I don’t think anyone would argue America throws around its money like a stack of old coupons about to expire. When people come here from other countries speaking other languages, there are two ways to treat them: (1) we can welcome them in, teach them English, and—God willing—show them the ways of the Constitution; or (2) we can ostracize them and hope they find no work, at which point they’ll likely go home. When we live in a country that spends so much money on giving away free stuff, though, we dramatically reduce the incentive for people who don’t speak our language to leave.

As a result, we encourage foreign people to come here and live apart from us. No wonder we feel like we’re being invaded. We’re practically asking foreign countries to settle our land.
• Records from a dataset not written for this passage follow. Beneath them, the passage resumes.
end

definition residual :: "real^'n^'m \<Rightarrow> real^'m \<Rightarrow> real^'n \<Rightarrow> 'm \<Rightarrow> real" where
  "residual A y x i = y $ i - A $ i \<bullet> x"

text \<open>The paper's Jensen majorizer at x = x^k: the term for coordinate j <= n is
  |(n+1) c_ij (z_j - x_j) + c_i^T x~|^p with c_ij = -a_ij and c_i^T x~ = r_i(x); the constant
  coordinate n+1 contributes |r_i(x)|^p.\<close>

definition prompt_majorizer :: "real \<Rightarrow> real^'n^'m \<Rightarrow> real^'m \<Rightarrow> real^'n \<Rightarrow> real^'n \<Rightarrow> real" where
  "prompt_majorizer p A y x z =
     (\<Sum>i\<in>UNIV. \<bar>residual A y x i\<bar> powr p +
        (\<Sum>j\<in>UNIV. \<bar>residual A y x i - (real CARD('n) + 1) * A $ i $ j * (z $ j - x $ j)\<bar> powr p))
     / (real CARD('n) + 1)"

lemma f_LR_eq_sum_residual: "f_LR p A y x = (\<Sum>i\<in>UNIV. \<bar>residual A y x i\<bar> powr p)"
  by (simp add: f_LR_def residual_def)

lemma prompt_majorizer_diag:
  fixes A :: "real^'n^'m"
  shows "prompt_majorizer p A y x x = f_LR p A y x"
proof -
  have "(a + real CARD('n) * a) / (real CARD('n) + 1) = a" for a :: real
    by (simp add: field_simps)
  then show ?thesis
    by (simp add: prompt_majorizer_def f_LR_eq_sum_residual sum_divide_distrib)
qed

lemma residual_eq_mean:
  fixes A :: "real^'n^'m"
  shows "residual A y z i = (residual A y x i +
           (\<Sum>j\<in>UNIV. residual A y x i - (real CARD('n) + 1) * A $ i $ j * (z $ j - x $ j)))
         / (real CARD('n) + 1)"
proof -
  let ?N = "real CARD('n) + 1"
  have "A $ i \<bullet> z - A $ i \<bullet> x = (\<Sum>j\<in>UNIV. A $ i $ j * (z $ j - x $ j))"
    by (simp add: inner_vec_def right_diff_distrib sum_subtractf)
  moreover have "(\<Sum>j\<in>UNIV. residual A y x i - ?N * A $ i $ j * (z $ j - x $ j))
      = real CARD('n) * residual A y x i - ?N * (\<Sum>j\<in>UNIV. A $ i $ j * (z $ j - x $ j))"
    by (simp add: sum_subtractf sum_distrib_left mult.assoc)
  ultimately have "residual A y x i +
        (\<Sum>j\<in>UNIV. residual A y x i - ?N * A $ i $ j * (z $ j - x $ j))
      = ?N * residual A y x i - ?N * (A $ i \<bullet> z - A $ i \<bullet> x)"
    by (simp add: algebra_simps)
  also have "\<dots> = ?N * residual A y z i"
    by (simp add: residual_def algebra_simps)
  finally show ?thesis
    by simp
qed

lemma f_LR_le_prompt_majorizer:
  assumes p: "1 < p"
  shows "f_LR p A y z \<le> prompt_majorizer p A y x z"
  unfolding f_LR_eq_sum_residual prompt_majorizer_def sum_divide_distrib
  by (intro sum_mono) (subst residual_eq_mean[of _ _ _ _ x], rule abs_powr_mean_le_option[OF p])

lemma prompt_term_eq:
  fixes A :: "real^'n^'m"
  assumes "A $ i $ j \<noteq> 0"
  shows "\<bar>residual A y x i - (real CARD('n) + 1) * A $ i $ j * (t - x $ j)\<bar> powr p
       = (real CARD('n) + 1) powr p * (\<bar>A $ i $ j\<bar> powr p * \<bar>t - prompt_s A y x i j\<bar> powr p)"
proof -
  let ?N = "real CARD('n) + 1"
  have "prompt_s A y x i j = x $ j + residual A y x i / (?N * A $ i $ j)"
    by (simp add: prompt_s_def residual_def)
  moreover have "?N * A $ i $ j \<noteq> 0"
    using assms by simp
  ultimately have "residual A y x i - ?N * A $ i $ j * (t - x $ j) = - (?N * A $ i $ j * (t - prompt_s A y x i j))"
    by (simp add: field_simps)
  then have "\<bar>residual A y x i - ?N * A $ i $ j * (t - x $ j)\<bar> = ?N * (\<bar>A $ i $ j\<bar> * \<bar>t - prompt_s A y x i j\<bar>)"
    by (simp only: abs_minus_cancel abs_mult)
  then show ?thesis
    by (simp add: powr_mult)
qed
But as much as we complain about foreigners bringing in their foreign cultures, the real problem is the culture we’ve established that’s foreign to our founding ideals. Deep down, I think most Americans know America isn’t functioning like the Founders intended. But it’s easier to pin this on the Guatemalan mowing our lawn than to look in our own hearts and try to change ourselves.

Immigration didn’t ditch the gold standard. Immigration didn’t get us addicted to foreign oil. Immigration didn’t set up Social Security, turn elections into spectacles, or wage wars in the Middle East that we didn’t need and couldn’t afford. We did these things ourselves—even if immigrants helped us vote for them. God only knows how long it’ll be before the USA pulls a USSR. Will we blame the immigrants when it turns out, oops, we went bankrupt?

I’m an English-speaking American. And like many English-speaking Americans, I’ll be honest: I flunked Spanish. I don’t want this country to speak two languages, because, for me, that sounds like a lot of work.

But before we go complaining about Spanish-speaking people, it’s time to admit the “Spanish language problem” isn’t really a problem. It’s a decoy. As long as a whole separate culture is rising in our midst, we’ll always have someone else to blame for why we sit around whining and wasting our money. We’ll always have a group of people to point at and say, “If only they didn’t come here with their tasty foods and remarkable work ethic, our country would have survived.”

This is why language is at the heart of the immigration issue. We don’t understand why our Republic is crumbling, so we put it in words we can’t comprehend.